▸ **Task details**: Quote exactly and only this range of lines in the data below: the line that holds "add: M_def card_Diff_singleton)" to the line that holds "m)\<^sup>2) = (\<Sum>m\<in>J.", both included.

********************

lemma incenter_convex_levels:
  assumes "is_simplex n A" "is_incenter n A X"
  obtains r where
    "\<forall>j\<in>{0..n}. convex_level ({0..n} - {j}) (\<lambda>k l. inner (A k - X) (A l - X)) (r\<^sup>2)"
proof -
  obtain r where r: "\<forall>j\<in>{0..n}. (\<exists>p\<in>convex hull (facet n A j). dist X p = r) \<and>
      (\<forall>q\<in>affine hull (facet n A j). r \<le> dist X q)"
    using assms(2) unfolding is_incenter_def by blast
  have inj: "inj_on A ({0..n} - {j})" for j
    using assms(1) unfolding is_simplex_def by (meson Diff_subset inj_on_subset)
  have "convex_level ({0..n} - {j}) (\<lambda>k l. inner (A k - X) (A l - X)) (r\<^sup>2)"
    if j: "j \<in> {0..n}" for j
  proof -
    obtain p where "p \<in> convex hull (A ` ({0..n} - {j}))" "dist X p = r"
      and "\<forall>q\<in>affine hull (A ` ({0..n} - {j})). r \<le> dist X q"
      using r[THEN bspec, OF j] unfolding facet_def by blast
    then show ?thesis
      by (intro touching_point_convex_level[OF _ inj]) simp_all
  qed
  then show ?thesis using that by blast
qed

lemma dist_sq_eq_on_sphere:
  fixes X x y :: "'a::real_inner"
  assumes "dist X x = R" "dist X y = R"
  shows "(dist x y)\<^sup>2 = 2 * R\<^sup>2 - 2 * inner (x - X) (y - X)"
  using assms dot_norm_neg[of "x - X" "y - X"]
  by (simp add: dist_norm norm_minus_commute)

subsection \<open>The arrowhead systems\<close>

text \<open>The linear system of a facet through the apex, once the Gram matrix has been
  normalised to D on the diagonal and 0 between distinct vertices of the regular facet:
  e m is the remaining entry between the apex and vertex m, and mu, nu m are the
  barycentric weights of the apex and of vertex m.\<close>

lemma arrowhead_system_consequences:
  fixes mu D :: real and nu e :: "'i \<Rightarrow> real"
  assumes "finite M" "D > 0" "mu \<ge> 0" and sum_one: "mu + sum nu M = 1"
    and rows: "\<forall>m\<in>M. mu * e m + nu m * D = D / (card M + 1)"
    and apex_row: "mu * D + (\<Sum>m\<in>M. nu m * e m) = D / (card M + 1)"
  shows "sum e M < D \<and> (\<Sum>m\<in>M. (e m)\<^sup>2) = 2 * D * sum e M - (sum e M)\<^sup>2"
proof -
  define s where "s = D / (card M + 1)"
  define E where "E = sum e M"
  define Q where "Q = (\<Sum>m\<in>M. (e m)\<^sup>2)"
  have s_pos: "s > 0" using \<open>D > 0\<close> by (simp add: s_def)
  have "(\<Sum>m\<in>M. mu * e m + nu m * D) = card M * s"
    using rows by (simp add: s_def)
  then have "mu * E + D * sum nu M = card M * s"
    by (simp add: sum.distrib E_def sum_distrib_left[symmetric]
        sum_distrib_right[symmetric] mult.commute)
  moreover have "sum nu M = 1 - mu" using sum_one by simp
  ultimately have "mu * E + D * (1 - mu) = card M * s" by simp
  then have mu_E: "mu * (D - E) = s"
    by (simp add: s_def field_simps)
  have "mu > 0"
    using mu_E s_pos \<open>mu \<ge> 0\<close> by (metis less_eq_real_def mult_zero_left order.irrefl)
  have "D - E > 0"
    using mu_E s_pos \<open>mu > 0\<close> by (metis zero_less_mult_pos)
  have "(\<Sum>m\<in>M. e m * (mu * e m + nu m * D)) = (\<Sum>m\<in>M. e m * s)"
    using rows by (intro sum.cong) (simp_all add: s_def)
  also have "\<dots> = s * E"
    by (simp add: E_def sum_distrib_left mult.commute)
  finally have "mu * Q + D * (\<Sum>m\<in>M. nu m * e m) = s * E"
    by (simp add: Q_def power2_eq_square distrib_left sum.distrib sum_distrib_left mult_ac)
  moreover have "(\<Sum>m\<in>M. nu m * e m) = s - mu * D"
    using apex_row[folded s_def] by linarith
  ultimately have "mu * Q + D * (s - mu * D) = s * E" by simp
  then have "mu * (Q - (2 * D * E - E\<^sup>2)) = 0"
    unfolding mu_E[symmetric] by (simp add: algebra_simps power2_eq_square)
  with \<open>mu > 0\<close> \<open>D - E > 0\<close> show ?thesis
    by (simp add: E_def Q_def)
qed

lemma arrowhead_convex_level:
  assumes "finite M" "j0 \<notin> M" "D > 0"
    and level: "convex_level (insert j0 M) G (D / (card M + 1))"
    and diag: "\<forall>k\<in>insert j0 M. G k k = D"
    and off: "\<forall>k\<in>M. \<forall>l\<in>M. k \<noteq> l \<longrightarrow> G k l = 0"
    and sym: "\<forall>m\<in>M. G m j0 = G j0 m"
  shows "sum (G j0) M < D \<and>
    (\<Sum>m\<in>M. (G j0 m)\<^sup>2) = 2 * D * sum (G j0) M - (sum (G j0) M)\<^sup>2"
proof -
  obtain l where l: "\<forall>k\<in>insert j0 M. 0 \<le> l k" "sum l (insert j0 M) = 1"
    and eqs: "\<forall>m\<in>insert j0 M. (\<Sum>k\<in>insert j0 M. l k * G m k) = D / (card M + 1)"
    using level unfolding convex_level_def by blast
  have row_sum: "(\<Sum>k\<in>M. l k * G m k) = l m * D" if "m \<in> M" for m
  proof -
    have "(\<Sum>k\<in>M. l k * G m k) = (\<Sum>k\<in>M. if k = m then l m * D else 0)"
      using that diag off by (intro sum.cong) auto
    then show ?thesis using \<open>finite M\<close> that by simp
  qed
  show ?thesis
  proof (rule arrowhead_system_consequences[OF \<open>finite M\<close> \<open>D > 0\<close>, of "l j0" l])
    show "0 \<le> l j0" "l j0 + sum l M = 1"
      using l \<open>finite M\<close> \<open>j0 \<notin> M\<close> by auto
    show "\<forall>m\<in>M. l j0 * G j0 m + l m * D = D / (card M + 1)"
      using eqs row_sum sym \<open>finite M\<close> \<open>j0 \<notin> M\<close> by auto
    show "l j0 * D + (\<Sum>m\<in>M. l m * G j0 m) = D / (card M + 1)"
      using eqs diag \<open>finite M\<close> \<open>j0 \<notin> M\<close> by auto
  qed
qed

lemma convex_level_scalar_matrix:
  assumes "finite J" "convex_level J G t"
    and "\<forall>k\<in>J. G k k = D" "\<forall>k\<in>J. \<forall>l\<in>J. k \<noteq> l \<longrightarrow> G k l = 0"
  shows "t = D / card J"
proof -
  obtain l where l: "sum l J = 1" "\<forall>m\<in>J. (\<Sum>k\<in>J. l k * G m k) = t"
    using assms(2) unfolding convex_level_def by blast
  have "l m * D = t" if "m \<in> J" for m
  proof -
    have "(\<Sum>k\<in>J. l k * G m k) = (\<Sum>k\<in>J. if k = m then l m * D else 0)"
      using that assms(3,4) by (intro sum.cong) auto
    then show ?thesis using l(2) assms(1) that by simp
  qed
  then have "(\<Sum>m\<in>J. l m * D) = card J * t" by simp
  then have "D = card J * t"
    using l(1) by (simp add: sum_distrib_right[symmetric])
  moreover have "J \<noteq> {}" using l(1) by auto
  ultimately show ?thesis using assms(1) by simp
qed

lemma sum_squares_less_square_sum:
  fixes e :: "'i \<Rightarrow> real"
  assumes "finite J" "card J \<ge> 2" "\<forall>i\<in>J. e i > 0"
  shows "(\<Sum>m\<in>J. (e m)\<^sup>2) < (sum e J)\<^sup>2"
proof -
  have less: "e i < sum e J" if "i \<in> J" for i
  proof -
    have "card (J - {i}) \<ge> 1"
      using assms(1,2) that by (simp add: card_Diff_singleton)
    then have "J - {i} \<noteq> {}" by (cases "J - {i} = {}") auto
    then have "sum e (J - {i}) > 0"
      using assms by (intro sum_pos) auto
    then show ?thesis
      using that assms(1) by (simp add: sum.remove)
  qed
  have "J \<noteq> {}" using assms(2) by auto
  then have "(\<Sum>m\<in>J. (e m)\<^sup>2) < (\<Sum>m\<in>J. e m * sum e J)"
    using assms less by (intro sum_strict_mono) (auto simp: power2_eq_square)
  also have "\<dots> = (sum e J)\<^sup>2"
    by (simp add: sum_distrib_right[symmetric] power2_eq_square)
  finally show ?thesis .
qed

lemma arrowhead_constraints_imp_zero:
  fixes e :: "'i \<Rightarrow> real"
  assumes fin: "finite J" and card: "card J \<ge> 2" and "D > 0"
    and bound: "\<forall>i\<in>J. sum e J - e i < D"
    and quad: "\<forall>i\<in>J. (\<Sum>m\<in>J. (e m)\<^sup>2) - (e i)\<^sup>2 =
                       2 * D * (sum e J - e i) - (sum e J - e i)\<^sup>2"
  shows "\<forall>i\<in>J. e i = 0"
proof -
  define E where "E = sum e J"
  define Q where "Q = (\<Sum>m\<in>J. (e m)\<^sup>2)"
  have bound': "E - e i < D" and quad': "Q - (e i)\<^sup>2 = 2 * D * (E - e i) - (E - e i)\<^sup>2"
    if "i \<in> J" for i
    using bound quad that unfolding E_def Q_def by blast+
  obtain i0 where "i0 \<in> J" using card by fastforce
  define K where "K = 2 * D * E - E\<^sup>2 - Q"
  have linear: "e i * (2 * D - 2 * E) = K" if "i \<in> J" for i
    using quad'[OF that] unfolding K_def by (simp add: algebra_simps power2_eq_square)
  show ?thesis
  proof (cases "E = D")
    case True
    then have "\<forall>i\<in>J. e i > 0" using bound' by simp
    then have "Q < E\<^sup>2"
      using sum_squares_less_square_sum[OF fin card] by (simp add: Q_def E_def)
    moreover have "Q = E\<^sup>2"
      using linear[OF \<open>i0 \<in> J\<close>] True by (simp add: K_def power2_eq_square)
    ultimately show ?thesis by simp
  next
    case False
    define c where "c = K / (2 * D - 2 * E)"
    have const: "\<forall>i\<in>J. e i = c"
      using linear False by (auto simp: c_def field_simps)
    define k where "k = real (card J)"
    have "k \<ge> 2" using card by (simp add: k_def)
    have E: "E = k * c" and Q: "Q = k * c\<^sup>2"
      using const by (simp_all add: E_def Q_def k_def)
    have "Q - c\<^sup>2 = 2 * D * (E - c) - (E - c)\<^sup>2"
      using quad' \<open>i0 \<in> J\<close> const by auto
    then have "(k - 1) * (c * (k * c - 2 * D)) = 0"
      unfolding E Q by (simp add: algebra_simps power2_eq_square)
    then have "c = 0 \<or> k * c = 2 * D" using \<open>k \<ge> 2\<close> by auto
    moreover have "k * c \<noteq> 2 * D"
    proof
      assume "k * c = 2 * D"
      have "(k - 1) * c < D"
        using bound' \<open>i0 \<in> J\<close> const E by (simp add: algebra_simps)
      from \<open>k * c = 2 * D\<close> have "k * ((k - 1) * c) = (k - 1) * (2 * D)"
        by (simp add: algebra_simps)
      moreover have "k * ((k - 1) * c) < k * D"
        using \<open>(k - 1) * c < D\<close> \<open>k \<ge> 2\<close> by simp
      ultimately have "(k - 2) * D < 0" by (simp add: algebra_simps)
      with \<open>k \<ge> 2\<close> \<open>D > 0\<close> show False by (simp add: mult_less_0_iff)
    qed
    ultimately show ?thesis using const by simp
  qed
qed

lemma kite_gram_regular:
  assumes "finite J" "card J \<ge> 2" "j0 \<notin> J" "D > 0"
    and diag: "\<forall>k\<in>insert j0 J. G k k = D"
    and off: "\<forall>k\<in>J. \<forall>l\<in>J. k \<noteq> l \<longrightarrow> G k l = 0"
    and sym: "\<forall>m\<in>J. G m j0 = G j0 m"
    and base_level: "convex_level J G t"
    and apex_levels: "\<forall>i\<in>J. convex_level (insert j0 (J - {i})) G t"
  shows "\<forall>i\<in>J. G j0 i = 0"
proof (rule arrowhead_constraints_imp_zero[OF \<open>finite J\<close> \<open>card J \<ge> 2\<close> \<open>D > 0\<close>]; intro ballI)
  fix i assume "i \<in> J"
  define M where "M = J - {i}"
  have "t = D / card J"
    using convex_level_scalar_matrix[OF \<open>finite J\<close> base_level] diag off by simp
  also have "card J = card M + 1"
    using \<open>finite J\<close> \<open>i \<in> J\<close> \<open>card J \<ge> 2\<close> by (simp add: M_def card_Diff_singleton)
  finally have "convex_level (insert j0 M) G (D / (card M + 1))"
    using apex_levels \<open>i \<in> J\<close> by (simp add: M_def)
  moreover have "sum (G j0) M = sum (G j0) J - G j0 i"
    "(\<Sum>m\<in>M. (G j0 m)\<^sup>2) = (\<Sum>m\<in>J. (G j0 m)\<^sup>2) - (G j0 i)\<^sup>2"
    using \<open>finite J\<close> \<open>i \<in> J\<close> by (simp_all add: M_def sum_diff1)
  ultimately show "sum (G j0) J - G j0 i < D"
    "(\<Sum>m\<in>J. (G j0 m)\<^sup>2) - (G j0 i)\<^sup>2 =
       2 * D * (sum (G j0) J - G j0 i) - (sum (G j0) J - G j0 i)\<^sup>2"
    using arrowhead_convex_level[of M j0 D G] assms by (auto simp: M_def)
qed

********************

▸ **Solution to this task**:
    using \<open>finite J\<close> \<open>i \<in> J\<close> \<open>card J \<ge> 2\<close> by (simp add: M_def card_Diff_singleton)
  finally have "convex_level (insert j0 M) G (D / (card M + 1))"
    using apex_levels \<open>i \<in> J\<close> by (simp add: M_def)
  moreover have "sum (G j0) M = sum (G j0) J - G j0 i"
    "(\<Sum>m\<in>M. (G j0 m)\<^sup>2) = (\<Sum>m\<in>J. (G j0 m)\<^sup>2) - (G j0 i)\<^sup>2"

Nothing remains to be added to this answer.